De Video Assistent Referee (VAR) kende op de achtste speeldag in de Jupiler Pro League een ongelukkig weekend. Dat blijkt uit de wekelijkse analyse van scheidsrechtersbaas Johan Verbist.
Een tussenkomst was niet nodig, terwijl de videoref bij een andere fase wel beter had ingegrepen. In beide gevallen ging het om matchen met West-Vlaamse clubs. Voor het eerst dit seizoen moet Verbist dan ook een volledig negatief rapport (0 op 2) opmaken van de VAR-prestatie van het voetbalweekend.
De VAR moest volgens Verbist enkel in Zulte Waregem - KV Kortrijk tussenkomen afgelopen voetbalweekend, namelijk bij het afgekeurde doelpunt van Julien De Sart (KV Kortrijk). Bij een hoekschop werd Christophe Lepoint (KV Kortrijk) door een duw in de rug uit balans gebracht door Hamdi Harbaoui (Zulte Waregem). Christophe Lepoint viel tegen een verdediger waardoor deze de bal slecht ontzette. De Sart profiteerde aan de tweede paal. Scheidsrechter Wim Smet keurde het doelpunt af en gaf een directe vrije schop aan Essevee voor een duwfout van Christophe Lepoint. "Gezien de complexiteit van de situatie (duwfout-contact-slecht ontzetten-doelpunt), een doelpunt dat eerst goedgekeurd en daarna afgekeurd wordt, had de VAR hier beter tussengekomen en de beelden aan de scheidsrechter getoond", oordeelt scheidsrechtersbaas Verbist.
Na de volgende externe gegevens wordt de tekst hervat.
(* Let $J\in\mathbb{S}$ and let $\Omega$ be a domain in $L_J$, symmetric with respect to the real axis and such that $\Omega\cap\mathbb{R}\neq\emptyset$. Let $\widetilde\Omega=\bigcup_{x+yJ\in\Omega}(x+y\mathbb{S})$ be its symmetric completion. Let $f:\Omega\to L_J$ be a holomorphic function and let $\tilde f:\widetilde\Omega\to\mathbb{H}$ be its (unique) regular extension. If $\tilde f(x_0+y_0J)=0$ with $y_0\neq0$, then $\tilde f(x_0+y_0L)=0$ for all $L\in\mathbb{S}$ if and only if $f(x_0+y_0J)=f(x_0-y_0J)=0$.
   Context: $\mathbb{H}$ denotes the quaternions, $\mathbb{S}=\{q\in\mathbb{H}: \mathrm{Re}(q)=0,\ |\mathrm{Im}(q)|=1\}$ the 2-sphere of imaginary units, $L_I=\mathbb{R}+\mathbb{R}I$ for $I\in\mathbb{S}$, and $x+y\mathbb{S}=\{x+yL:L\in\mathbb{S}\}$. A function $\Omega\to L_J$ is holomorphic if it is holomorphic under the identification $L_J\cong\mathbb{C}$, $x+yJ\mapsto x+iy$. A function $g:U\to\mathbb{H}$ on an open set $U\subseteq\mathbb{H}$ is (slice left) regular if for every $I\in\mathbb{S}$ its restriction to $U\cap L_I$ has continuous partial derivatives and satisfies $\left(\frac{\partial}{\partial x}+I\frac{\partial}{\partial y}\right)g(x+yI)=0$ there. The regular extension of $f$ is $\tilde f(x+yI)=\frac12[f(x+yJ)+f(x-yJ)]+I\frac12[J(f(x-yJ)-f(x+yJ))]$, the unique regular function on $\widetilde\Omega$ agreeing with $f$ on $\Omega$. *)

theory Defs
  imports "HOL-Complex_Analysis.Complex_Analysis"
begin

datatype quat = Quat (qre: real) (qi: real) (qj: real) (qk: real)

instantiation quat :: "{zero, plus, minus, uminus, times}"
begin
definition "0 = Quat 0 0 0 0"
definition "p + q = Quat (qre p + qre q) (qi p + qi q) (qj p + qj q) (qk p + qk q)"
definition "p - q = Quat (qre p - qre q) (qi p - qi q) (qj p - qj q) (qk p - qk q)"
definition "- q = Quat (- qre q) (- qi q) (- qj q) (- qk q)"
definition "p * q = Quat
   (qre p * qre q - qi p * qi q - qj p * qj q - qk p * qk q)
   (qre p * qi q + qi p * qre q + qj p * qk q - qk p * qj q)
   (qre p * qj q - qi p * qk q + qj p * qre q + qk p * qi q)
   (qre p * qk q + qi p * qj q - qj p * qi q + qk p * qre q)"
instance ..
end

definition qreal :: "real \<Rightarrow> quat" where
  "qreal r = Quat r 0 0 0"

definition qscale :: "real \<Rightarrow> quat \<Rightarrow> quat" where
  "qscale r q = Quat (r * qre q) (r * qi q) (r * qj q) (r * qk q)"

definition qim :: "quat \<Rightarrow> quat" where
  "qim q = Quat 0 (qi q) (qj q) (qk q)"

definition imnorm :: "quat \<Rightarrow> real" where
  "imnorm q = sqrt ((qi q)\<^sup>2 + (qj q)\<^sup>2 + (qk q)\<^sup>2)"

definition Sph :: "quat set" where
  "Sph = {q. qre q = 0 \<and> imnorm q = 1}"

definition LJ :: "quat \<Rightarrow> quat set" where
  "LJ I = {q. \<exists>x y. q = qreal x + qscale y I}"

definition pt :: "real \<Rightarrow> real \<Rightarrow> quat \<Rightarrow> quat" where
  "pt x y I = qreal x + qscale y I"

definition cx_to_LJ :: "quat \<Rightarrow> complex \<Rightarrow> quat" where
  "cx_to_LJ J z = pt (Re z) (Im z) J"

definition LJ_to_cx :: "quat \<Rightarrow> quat \<Rightarrow> complex" where
  "LJ_to_cx J q = Complex (qre q) (qi q * qi J + qj q * qj J + qk q * qk J)"

definition domain_in_LJ :: "quat \<Rightarrow> quat set \<Rightarrow> bool" where
  "domain_in_LJ J \<Omega> \<longleftrightarrow> \<Omega> \<subseteq> LJ J \<and>
     open (cx_to_LJ J -` \<Omega>) \<and> connected (cx_to_LJ J -` \<Omega>)"

definition holo_LJ :: "quat \<Rightarrow> quat set \<Rightarrow> (quat \<Rightarrow> quat) \<Rightarrow> bool" where
  "holo_LJ J \<Omega> f \<longleftrightarrow> f ` \<Omega> \<subseteq> LJ J \<and>
     (\<lambda>z. LJ_to_cx J (f (cx_to_LJ J z))) holomorphic_on (cx_to_LJ J -` \<Omega>)"

definition sym_completion :: "quat \<Rightarrow> quat set \<Rightarrow> quat set" where
  "sym_completion J \<Omega> = {q. \<exists>x y L. pt x y J \<in> \<Omega> \<and> L \<in> Sph \<and> q = pt x y L}"

text \<open>Regular extension: \<open>f~(x+yI) = \<onehalf>[f(x+yJ)+f(x-yJ)] + I \<onehalf>[J(f(x-yJ)-f(x+yJ))]\<close>,
  evaluated at the representation \<open>x = Re q\<close>, \<open>y = |Im q|\<close>, \<open>I = Im q/|Im q|\<close>
  (the formula is independent of the representation; for real \<open>q\<close> any \<open>I\<close> gives \<open>f(x)\<close>).\<close>
definition reg_ext :: "quat \<Rightarrow> (quat \<Rightarrow> quat) \<Rightarrow> quat \<Rightarrow> quat" where
  "reg_ext J f q =
     (let x = qre q; y = imnorm q;
          I = (if y = 0 then J else qscale (1 / y) (qim q))
      in qscale (1/2) (f (pt x y J) + f (pt x (- y) J))
         + I * qscale (1/2) (J * (f (pt x (- y) J) - f (pt x y J))))"

end

theory Submission
  imports Defs
begin

text \<open>For \<open>y \<noteq> 0\<close> and \<open>L \<in> \<bbbS>\<close> the regular extension is affine in the unit:
  \<open>f~(x + yL) = \<alpha> + L\<beta>\<close> with \<open>\<alpha> = (a + b)/2\<close>, \<open>\<beta> = J(b - a)/2\<close>, \<open>a = f(x + yJ)\<close>,
  \<open>b = f(x - yJ)\<close>. Evaluating at \<open>L\<close> and \<open>-L\<close> shows that \<open>\<alpha> + L\<beta>\<close> vanishes on all of \<open>\<bbbS>\<close>
  iff \<open>\<alpha> = \<beta> = 0\<close>, because \<open>L\<^sup>2 = -1\<close> makes left multiplication by a unit injective;
  and \<open>\<alpha> = \<beta> = 0\<close> iff \<open>a = b = 0\<close>. The argument is purely algebraic.\<close>

lemma quat_eqI:
  "qre p = qre q \<Longrightarrow> qi p = qi q \<Longrightarrow> qj p = qj q \<Longrightarrow> qk p = qk q \<Longrightarrow> p = q"
  by (cases p; cases q) auto

lemma quat_eq_0_iff: "q = 0 \<longleftrightarrow> qre q = 0 \<and> qi q = 0 \<and> qj q = 0 \<and> qk q = 0"
  by (cases q) (auto simp: zero_quat_def)

lemma qscale_eq_0_iff: "qscale r q = 0 \<longleftrightarrow> r = 0 \<or> q = 0"
  by (auto simp: quat_eq_0_iff qscale_def)

lemma Sph_iff: "L \<in> Sph \<longleftrightarrow> qre L = 0 \<and> (qi L)\<^sup>2 + (qj L)\<^sup>2 + (qk L)\<^sup>2 = 1"
  unfolding Sph_def imnorm_def by (auto simp: real_sqrt_eq_1_iff)

lemma uminus_Sph: "L \<in> Sph \<Longrightarrow> - L \<in> Sph"
  by (simp add: Sph_iff uminus_quat_def)

lemma quat_i_in_Sph: "Quat 0 1 0 0 \<in> Sph"
  by (simp add: Sph_iff)

lemma Sph_mult_Sph_mult:
  assumes "L \<in> Sph" shows "L * (L * q) = - q"
proof -
  have re: "qre L = 0" and norm: "(qi L)\<^sup>2 + (qj L)\<^sup>2 + (qk L)\<^sup>2 = 1"
    using assms by (simp_all add: Sph_iff)
  have "L * (L * q) = qscale (- ((qi L)\<^sup>2 + (qj L)\<^sup>2 + (qk L)\<^sup>2)) q"
    using re by (intro quat_eqI) (simp_all add: times_quat_def qscale_def power2_eq_square algebra_simps)
  then show ?thesis by (simp add: norm qscale_def uminus_quat_def)
qed

lemma Sph_mult_eq_0_iff:
  assumes "L \<in> Sph" shows "L * q = 0 \<longleftrightarrow> q = 0"
proof
  assume "L * q = 0"
  then have "L * (L * q) = 0" by (simp add: times_quat_def zero_quat_def)
  then show "q = 0" using Sph_mult_Sph_mult[OF assms] by (simp add: quat_eq_0_iff uminus_quat_def)
qed (simp add: times_quat_def zero_quat_def)

lemma qre_pt_Sph: "L \<in> Sph \<Longrightarrow> qre (pt x y L) = x"
  by (simp add: Sph_iff pt_def qreal_def qscale_def plus_quat_def)

lemma imnorm_pt_Sph: "L \<in> Sph \<Longrightarrow> imnorm (pt x y L) = \<bar>y\<bar>"
proof -
  assume "L \<in> Sph"
  then have "(qi (pt x y L))\<^sup>2 + (qj (pt x y L))\<^sup>2 + (qk (pt x y L))\<^sup>2 = y\<^sup>2"
    by (simp add: Sph_iff pt_def qreal_def qscale_def plus_quat_def power_mult_distrib
        flip: distrib_left)
  then show ?thesis by (simp add: imnorm_def)
qed

lemma reg_ext_pt_Sph:
  assumes L: "L \<in> Sph" and y: "y \<noteq> 0"
  shows "reg_ext J f (pt x y L) =
     qscale (1/2) (f (pt x y J) + f (pt x (- y) J))
     + L * qscale (1/2) (J * (f (pt x (- y) J) - f (pt x y J)))"
proof -
  have unit: "qscale (1 / \<bar>y\<bar>) (qim (pt x y L)) = (if y > 0 then L else - L)"
    using y L by (intro quat_eqI)
      (auto simp: Sph_iff qscale_def qim_def pt_def qreal_def plus_quat_def uminus_quat_def)
  \<comment> \<open>for \<open>y < 0\<close> the definition evaluates at \<open>x + |y|(-L)\<close>, which swaps the roles of \<open>a\<close> and \<open>b\<close>\<close>
  have swap: "qscale (1/2) (b + a) + (- L) * qscale (1/2) (J * (a - b)) =
      qscale (1/2) (a + b) + L * qscale (1/2) (J * (b - a))" for a b :: quat
    by (intro quat_eqI) (simp_all add: qscale_def plus_quat_def times_quat_def minus_quat_def
        uminus_quat_def algebra_simps)
  show ?thesis
  proof (cases "y > 0")
    case True
    then show ?thesis
      unfolding reg_ext_def Let_def qre_pt_Sph[OF L] imnorm_pt_Sph[OF L] unit by simp
  next
    case False
    then have "\<bar>y\<bar> = - y" by simp
    then show ?thesis
      using y False swap unfolding reg_ext_def Let_def qre_pt_Sph[OF L] imnorm_pt_Sph[OF L] unit
      by simp
  qed
qed

lemma affine_in_Sph_eq_0_iff: "(\<forall>L\<in>Sph. A + L * B = 0) \<longleftrightarrow> A = 0 \<and> B = 0"
proof
  assume vanish: "\<forall>L\<in>Sph. A + L * B = 0"
  define L :: quat where "L = Quat 0 1 0 0"
  have L: "L \<in> Sph" using quat_i_in_Sph by (simp add: L_def)
  have "A + L * B = 0" "A + (- L) * B = 0" using vanish L uminus_Sph by blast+
  then have "L * B = 0" "A = 0"
    by (simp_all add: quat_eq_0_iff plus_quat_def times_quat_def uminus_quat_def)
  then show "A = 0 \<and> B = 0" using Sph_mult_eq_0_iff[OF L] by simp
qed (simp add: quat_eq_0_iff plus_quat_def times_quat_def)

lemma reg_ext_coeffs_eq_0_iff:
  assumes "J \<in> Sph"
  shows "qscale (1/2) (a + b) = 0 \<and> qscale (1/2) (J * (b - a)) = 0 \<longleftrightarrow> a = 0 \<and> b = 0"
proof -
  have "a + b = 0 \<and> b - a = 0 \<longleftrightarrow> a = 0 \<and> b = 0"
    unfolding quat_eq_0_iff by (auto simp: plus_quat_def minus_quat_def)
  then show ?thesis by (simp add: qscale_eq_0_iff Sph_mult_eq_0_iff[OF assms])
qed

theorem proposition5p2:
  fixes J :: quat and \<Omega> :: "quat set" and f :: "quat \<Rightarrow> quat"
    and x0 y0 :: real
  assumes "J \<in> Sph"
    and "domain_in_LJ J \<Omega>"
    and "\<forall>x y. pt x y J \<in> \<Omega> \<longrightarrow> pt x (- y) J \<in> \<Omega>"
    and "\<exists>x. qreal x \<in> \<Omega>"
    and "holo_LJ J \<Omega> f"
    and "pt x0 y0 J \<in> sym_completion J \<Omega>"
    and "reg_ext J f (pt x0 y0 J) = 0"
    and "y0 \<noteq> 0"
  shows "(\<forall>L\<in>Sph. reg_ext J f (pt x0 y0 L) = 0) \<longleftrightarrow>
         (f (pt x0 y0 J) = 0 \<and> f (pt x0 (- y0) J) = 0)"
  using reg_ext_pt_Sph[OF _ \<open>y0 \<noteq> 0\<close>] affine_in_Sph_eq_0_iff
    reg_ext_coeffs_eq_0_iff[OF \<open>J \<in> Sph\<close>]
  by simp

end
lemma discrete_cost_of_transport_plan_le:
  assumes plan: "transport_plan P w \<mu> \<pi>" and "finite Q"
    and cells: "\<And>q. C q \<in> sets borel" "disjoint_family_on C Q"
    and dist: "\<And>p q y. p \<in> P \<Longrightarrow> q \<in> Q \<Longrightarrow> y \<in> C q \<Longrightarrow> dist p (t q) \<le> a * dist p y + e q"
    and "0 \<le> a" "\<And>q. 0 \<le> e q"
  shows "ennreal (discrete_cost P Q t (\<lambda>p q. measure (\<pi> p) (C q)))
    \<le> ennreal a * plan_cost P \<pi> + ennreal (\<Sum>q\<in>Q. e q * measure \<mu> (C q))"
proof -
  have emeasure_eq: "emeasure (\<pi> p) (C q) = ennreal (measure (\<pi> p) (C q))" if "p \<in> P" for p q
    using finite_measure.emeasure_eq_measure[OF transport_plan_finite_measure[OF plan that]] .
  have "ennreal (discrete_cost P Q t (\<lambda>p q. measure (\<pi> p) (C q)))
      = (\<Sum>p\<in>P. \<Sum>q\<in>Q. ennreal (dist p (t q)) * emeasure (\<pi> p) (C q))"
    by (simp add: discrete_cost_def emeasure_eq sum_nonneg ennreal_mult' mult.commute
        flip: sum_ennreal)
  also have "\<dots> \<le> (\<Sum>p\<in>P. ennreal a * (\<integral>\<^sup>+ y. ennreal (dist p y) \<partial>\<pi> p)
      + (\<Sum>q\<in>Q. ennreal (e q) * emeasure (\<pi> p) (C q)))"
    using nn_integral_dist_cells_le[OF plan _ \<open>finite Q\<close> cells dist] assms(6,7)
    by (intro sum_mono) auto
  also have "\<dots> = ennreal a * plan_cost P \<pi> + ennreal (\<Sum>q\<in>Q. e q * (\<Sum>p\<in>P. measure (\<pi> p) (C q)))"
    using assms(7)
    by (simp add: plan_cost_def sum.distrib sum_distrib_left emeasure_eq sum_nonneg ennreal_mult'
        sum.swap[of _ P] flip: sum_ennreal)
  also have "\<dots> = ennreal a * plan_cost P \<pi> + ennreal (\<Sum>q\<in>Q. e q * measure \<mu> (C q))"
    using cells(1) by (simp add: transport_plan_measure_target[OF plan])
  finally show ?thesis .
qed

lemma nn_integral_dist_ge_mass_outside_ball:
  assumes plan: "transport_plan P w \<mu> \<pi>" and "p \<in> P" "0 \<le> w p" "0 \<le> r"
  shows "ennreal (r * (w p - measure (\<pi> p) (ball p r))) \<le> (\<integral>\<^sup>+ y. ennreal (dist p y) \<partial>\<pi> p)"
proof -
  note fin = transport_plan_finite_measure[OF plan \<open>p \<in> P\<close>]
  note sets = transport_plan_sets[OF plan \<open>p \<in> P\<close>]
  have "w p - measure (\<pi> p) (ball p r) = measure (\<pi> p) (UNIV - ball p r)"
    using finite_measure.finite_measure_compl[OF fin, of "ball p r"] sets
      transport_plan_space[OF plan \<open>p \<in> P\<close>] transport_plan_measure_UNIV[OF plan \<open>p \<in> P\<close> \<open>0 \<le> w p\<close>]
    by simp
  then have "ennreal (r * (w p - measure (\<pi> p) (ball p r)))
      = (\<integral>\<^sup>+ y. ennreal r * indicator (UNIV - ball p r) y \<partial>\<pi> p)"
    using sets \<open>0 \<le> r\<close>
    by (simp add: nn_integral_cmult_indicator ennreal_mult finite_measure.emeasure_eq_measure[OF fin])
  also have "\<dots> \<le> (\<integral>\<^sup>+ y. ennreal (dist p y) \<partial>\<pi> p)"
    by (intro nn_integral_mono) (auto simp: indicator_def ennreal_leI)
  finally show ?thesis .
qed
De enige tussenkomst van het weekend gebeurde in de match tussen KAS Eupen en KV Oostende (1-2). Bij een schot van Yuta Toyokawa (Eupen) kreeg Kevin Vandendriessche (Oostende) de bal tegen de arm. De bal ging buiten en de scheidsrechter kende een hoekschop toe. "Ondanks het feit dat de arm tegen het lichaam is komt de VAR tussen", aldus Verbist. "De scheidsrechter blijft terecht bij zijn beslissing om hoekschop te geven. In dit geval had de VAR nooit mogen tussenkomen."